---------- Data for this task

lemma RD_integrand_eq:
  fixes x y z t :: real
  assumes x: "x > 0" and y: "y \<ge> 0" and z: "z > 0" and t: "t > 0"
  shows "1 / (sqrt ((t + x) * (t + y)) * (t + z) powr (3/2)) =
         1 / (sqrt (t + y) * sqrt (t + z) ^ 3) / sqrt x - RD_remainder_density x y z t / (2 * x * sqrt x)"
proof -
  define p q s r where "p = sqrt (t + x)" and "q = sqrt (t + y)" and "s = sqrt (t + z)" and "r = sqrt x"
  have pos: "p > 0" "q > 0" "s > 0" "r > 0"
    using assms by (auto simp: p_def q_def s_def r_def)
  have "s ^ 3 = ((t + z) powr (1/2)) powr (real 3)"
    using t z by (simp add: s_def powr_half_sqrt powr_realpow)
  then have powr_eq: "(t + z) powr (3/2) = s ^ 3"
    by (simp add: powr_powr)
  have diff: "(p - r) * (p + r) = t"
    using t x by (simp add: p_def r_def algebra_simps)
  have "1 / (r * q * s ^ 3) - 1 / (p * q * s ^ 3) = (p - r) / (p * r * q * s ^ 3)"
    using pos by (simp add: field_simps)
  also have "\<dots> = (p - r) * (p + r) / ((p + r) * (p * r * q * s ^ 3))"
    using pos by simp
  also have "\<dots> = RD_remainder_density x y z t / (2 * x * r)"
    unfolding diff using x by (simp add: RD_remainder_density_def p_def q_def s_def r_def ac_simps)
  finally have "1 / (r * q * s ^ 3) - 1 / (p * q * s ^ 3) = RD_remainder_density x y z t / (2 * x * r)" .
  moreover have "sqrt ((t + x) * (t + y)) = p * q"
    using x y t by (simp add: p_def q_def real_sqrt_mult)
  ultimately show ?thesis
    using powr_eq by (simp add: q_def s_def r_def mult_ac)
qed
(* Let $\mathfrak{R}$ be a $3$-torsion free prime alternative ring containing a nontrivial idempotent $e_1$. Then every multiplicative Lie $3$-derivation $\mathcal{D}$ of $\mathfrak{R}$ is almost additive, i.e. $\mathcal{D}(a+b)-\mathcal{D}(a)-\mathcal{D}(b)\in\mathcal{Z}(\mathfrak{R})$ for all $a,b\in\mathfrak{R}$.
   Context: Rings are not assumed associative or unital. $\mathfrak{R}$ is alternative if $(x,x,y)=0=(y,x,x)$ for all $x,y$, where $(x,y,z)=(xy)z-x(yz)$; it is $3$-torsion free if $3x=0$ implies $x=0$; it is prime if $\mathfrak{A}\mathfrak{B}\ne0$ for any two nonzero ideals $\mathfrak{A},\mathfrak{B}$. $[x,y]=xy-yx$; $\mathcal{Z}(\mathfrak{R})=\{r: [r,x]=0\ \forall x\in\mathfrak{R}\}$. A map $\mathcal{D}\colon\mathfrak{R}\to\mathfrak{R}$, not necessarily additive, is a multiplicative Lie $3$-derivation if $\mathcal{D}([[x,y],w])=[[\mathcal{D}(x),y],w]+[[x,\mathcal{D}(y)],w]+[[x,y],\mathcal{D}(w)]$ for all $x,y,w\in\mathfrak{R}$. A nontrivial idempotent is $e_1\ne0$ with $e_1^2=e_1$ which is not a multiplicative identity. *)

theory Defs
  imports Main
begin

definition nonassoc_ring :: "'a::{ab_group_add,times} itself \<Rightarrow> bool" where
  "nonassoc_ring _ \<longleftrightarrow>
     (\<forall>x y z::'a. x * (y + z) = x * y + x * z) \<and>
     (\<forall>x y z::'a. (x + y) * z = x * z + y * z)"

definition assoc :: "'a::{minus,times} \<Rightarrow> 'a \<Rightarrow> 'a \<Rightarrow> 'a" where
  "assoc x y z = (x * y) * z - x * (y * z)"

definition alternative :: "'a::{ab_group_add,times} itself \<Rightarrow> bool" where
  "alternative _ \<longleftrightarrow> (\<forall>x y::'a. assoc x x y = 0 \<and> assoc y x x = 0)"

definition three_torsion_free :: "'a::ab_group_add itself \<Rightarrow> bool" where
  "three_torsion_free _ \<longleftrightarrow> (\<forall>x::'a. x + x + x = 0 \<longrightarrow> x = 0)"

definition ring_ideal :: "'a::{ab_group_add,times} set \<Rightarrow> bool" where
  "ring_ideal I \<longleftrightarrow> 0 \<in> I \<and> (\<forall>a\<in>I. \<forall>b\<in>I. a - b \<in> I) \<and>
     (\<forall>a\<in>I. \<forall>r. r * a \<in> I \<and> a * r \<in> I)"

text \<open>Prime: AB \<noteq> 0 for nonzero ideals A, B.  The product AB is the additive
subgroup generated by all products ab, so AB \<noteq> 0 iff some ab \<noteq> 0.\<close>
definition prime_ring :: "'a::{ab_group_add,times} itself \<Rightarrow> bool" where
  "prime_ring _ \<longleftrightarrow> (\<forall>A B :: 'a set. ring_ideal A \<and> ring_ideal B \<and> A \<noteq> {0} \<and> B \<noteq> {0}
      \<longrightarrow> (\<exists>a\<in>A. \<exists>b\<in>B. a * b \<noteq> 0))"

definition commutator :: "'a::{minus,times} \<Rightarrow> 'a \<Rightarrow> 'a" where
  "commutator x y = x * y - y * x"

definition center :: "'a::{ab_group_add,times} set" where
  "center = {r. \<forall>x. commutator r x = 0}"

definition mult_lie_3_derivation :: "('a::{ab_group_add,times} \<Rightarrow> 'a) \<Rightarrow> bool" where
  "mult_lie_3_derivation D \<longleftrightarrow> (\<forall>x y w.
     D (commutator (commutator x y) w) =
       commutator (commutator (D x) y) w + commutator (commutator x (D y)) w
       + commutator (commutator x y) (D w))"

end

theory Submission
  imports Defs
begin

--------------------

• [Exercise aim]
Please reproduce the line containing "(\<forall>a\<in>I. \<forall>r. r" and each line after it to the end of the listing, exactly, with nothing added or left out.

• [Exercise answer]
     (\<forall>a\<in>I. \<forall>r. r * a \<in> I \<and> a * r \<in> I)"

text \<open>Prime: AB \<noteq> 0 for nonzero ideals A, B.  The product AB is the additive
subgroup generated by all products ab, so AB \<noteq> 0 iff some ab \<noteq> 0.\<close>
definition prime_ring :: "'a::{ab_group_add,times} itself \<Rightarrow> bool" where
  "prime_ring _ \<longleftrightarrow> (\<forall>A B :: 'a set. ring_ideal A \<and> ring_ideal B \<and> A \<noteq> {0} \<and> B \<noteq> {0}
      \<longrightarrow> (\<exists>a\<in>A. \<exists>b\<in>B. a * b \<noteq> 0))"

definition commutator :: "'a::{minus,times} \<Rightarrow> 'a \<Rightarrow> 'a" where
  "commutator x y = x * y - y * x"

definition center :: "'a::{ab_group_add,times} set" where
  "center = {r. \<forall>x. commutator r x = 0}"

definition mult_lie_3_derivation :: "('a::{ab_group_add,times} \<Rightarrow> 'a) \<Rightarrow> bool" where
  "mult_lie_3_derivation D \<longleftrightarrow> (\<forall>x y w.
     D (commutator (commutator x y) w) =
       commutator (commutator (D x) y) w + commutator (commutator x (D y)) w
       + commutator (commutator x y) (D w))"

end

theory Submission
  imports Defs
begin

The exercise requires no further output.